*** Opening of EXERCISE MATERIAL ***

lemma simplicial_lift_from_component:
  assumes S: "S \<subseteq> V" and a: "a \<in> V - S"
    and x: "reach (V - S) a x" "simplicial ({z. reach (V - S) a z} \<union> S) x"
  shows "simplicial V x"
  unfolding simplicial_def
proof (intro conjI ballI impI)
  let ?A = "{z. reach (V - S) a z}"
  have A: "?A \<subseteq> V - S" using reach_mem a by blast
  then show "x \<in> V" using x(1) by auto
  have nbr: "z \<in> ?A \<union> S" if "z \<in> V" "E x z" for z
  proof (cases "z \<in> S")
    case False
    then have "reach (V - S) a z" using reach_step[OF x(1) that(2)] A x(1) that(1) by blast
    then show ?thesis by simp
  qed simp
  fix u w assume "u \<in> V" "w \<in> V" "E x u" "E x w" "u \<noteq> w"
  then show "E u w" using x(2) nbr unfolding simplicial_def by blast
qed

text \<open>Read backwards, \<open>q\<close> lists a perfect elimination ordering.\<close>

definition perfect_elimination_order :: "'v set \<Rightarrow> ('v \<Rightarrow> nat) \<Rightarrow> bool" where
  "perfect_elimination_order V q \<longleftrightarrow> inj_on q V \<and>
     (\<forall>a\<in>V. \<forall>w1\<in>V. \<forall>w2\<in>V. E a w1 \<longrightarrow> E a w2 \<longrightarrow> q w1 < q a \<longrightarrow> q w2 < q a \<longrightarrow> w1 \<noteq> w2 \<longrightarrow> E w1 w2)"

lemma perfect_elimination_order_insert:
  assumes peo: "perfect_elimination_order V q" and bound: "\<forall>w\<in>V. q w < k"
    and v: "v \<notin> V" "simplicial (insert v V) v"
  shows "perfect_elimination_order (insert v V) (q(v := k))"
  unfolding perfect_elimination_order_def
proof (intro conjI ballI impI)
  have "k \<notin> q ` V" using bound by auto
  then have "inj_on (q(v := k)) V"
    using peo by (intro inj_on_fun_updI) (simp_all add: perfect_elimination_order_def)
  then show "inj_on (q(v := k)) (insert v V)"
    using \<open>k \<notin> q ` V\<close> v(1) by auto
  fix a w1 w2 assume a: "a \<in> insert v V" and w: "w1 \<in> insert v V" "w2 \<in> insert v V"
    and adj: "E a w1" "E a w2" and less: "(q(v := k)) w1 < (q(v := k)) a" "(q(v := k)) w2 < (q(v := k)) a"
    and "w1 \<noteq> w2"
  show "E w1 w2"
  proof (cases "a = v")
    case True
    then show ?thesis using v(2) w adj \<open>w1 \<noteq> w2\<close> unfolding simplicial_def by blast
  next
    case False
    then have "a \<in> V" "q a < k" using a bound by auto
    then have "w1 \<noteq> v" "w2 \<noteq> v" using less False by auto
    then have "q w1 < q a" "q w2 < q a" "w1 \<in> V" "w2 \<in> V" using less False w by auto
    then show ?thesis
      using peo \<open>a \<in> V\<close> adj \<open>w1 \<noteq> w2\<close> unfolding perfect_elimination_order_def by blast
  qed
qed

end

locale chordal_graph = undirected_graph +
  assumes chordal: "chordal E"
begin

text \<open>Two nonadjacent vertices of a minimal separator would lie on an induced cycle of length at
  least four through the two separated components.\<close>

lemma minimal_separator_clique:
  assumes "finite V" "a \<in> V" "b \<in> V" and sep: "separates V a b S"
    and min: "\<And>S'. separates V a b S' \<Longrightarrow> card S \<le> card S'"
  shows "is_clique E S"
  unfolding is_clique_def
proof (intro ballI impI)
  fix s1 s2 assume s: "s1 \<in> S" "s2 \<in> S" "s1 \<noteq> s2"
  let ?W = "V - S"
  define A where "A = {z. reach ?W a z}"
  define B where "B = {z. reach ?W b z}"
  have W: "a \<in> ?W" "b \<in> ?W" "\<not> reach ?W a b" using sep assms(2,3) by (auto simp: separates_def)
  have sep': "separates V b a S" and min': "\<And>S'. separates V b a S' \<Longrightarrow> card S \<le> card S'"
    using sep min separates_commute by auto
  have AB: "A \<inter> B = {}" "\<And>x y. x \<in> A \<Longrightarrow> y \<in> B \<Longrightarrow> \<not> E x y"
    using components_disjoint_no_edge[OF W(3,1,2)] by (auto simp: A_def B_def)
  have notAB: "s \<notin> A" "s \<notin> B" "s \<notin> A \<union> B" if "s \<in> S" for s
    using that reach_mem W by (auto simp: A_def B_def)
  obtain c1 c2 where c: "c1 \<in> A" "E s1 c1" "c2 \<in> A" "E s2 c2"
    using minimal_separator_neighbour[OF assms(1,2) sep min s(1)]
      minimal_separator_neighbour[OF assms(1,2) sep min s(2)] unfolding A_def by blast
  obtain d1 d2 where d: "d1 \<in> B" "E s1 d1" "d2 \<in> B" "E s2 d2"
    using minimal_separator_neighbour[OF assms(1,3) sep' min' s(1)]
      minimal_separator_neighbour[OF assms(1,3) sep' min' s(2)] unfolding B_def by blast
  show "E s1 s2"
  proof (rule ccontr)
    assume "\<not> E s1 s2"
    then obtain n p where p: "induced_path A s1 s2 n p"
      using induced_path_exists[OF s(3) _ notAB(1)[OF s(1)] notAB(1)[OF s(2)] c(1,2) adj_sym[OF c(4)]]
        component_connected c(1,3) by (auto simp: A_def)
    obtain m r where r: "induced_path B s2 s1 m r"
      using induced_path_exists[OF s(3)[symmetric] _ notAB(2)[OF s(2)] notAB(2)[OF s(1)] d(3,4) adj_sym[OF d(2)]]
        \<open>\<not> E s1 s2\<close> adj_sym component_connected d(1,3) by (auto simp: B_def)
    have "induced_cycle E (map (path_glue n p r) [0..<n + m])"
      by (rule induced_cycle_path_glue[OF p r AB notAB(3)[OF s(1)] notAB(3)[OF s(2)]])
    then have "n + m = 3" using chordal unfolding chordal_def by fastforce
    then show False using induced_pathD(3)[OF p] induced_pathD(3)[OF r] by simp
  qed
qed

*** Close of EXERCISE MATERIAL ***

PROBLEM STATEMENT :: Output only the lines from the one holding "E (map (path_glue" through the last line above, exactly as they appear.

YOUR SOLUTION ::
    have "induced_cycle E (map (path_glue n p r) [0..<n + m])"
      by (rule induced_cycle_path_glue[OF p r AB notAB(3)[OF s(1)] notAB(3)[OF s(2)]])
    then have "n + m = 3" using chordal unfolding chordal_def by fastforce
    then show False using induced_pathD(3)[OF p] induced_pathD(3)[OF r] by simp
  qed
qed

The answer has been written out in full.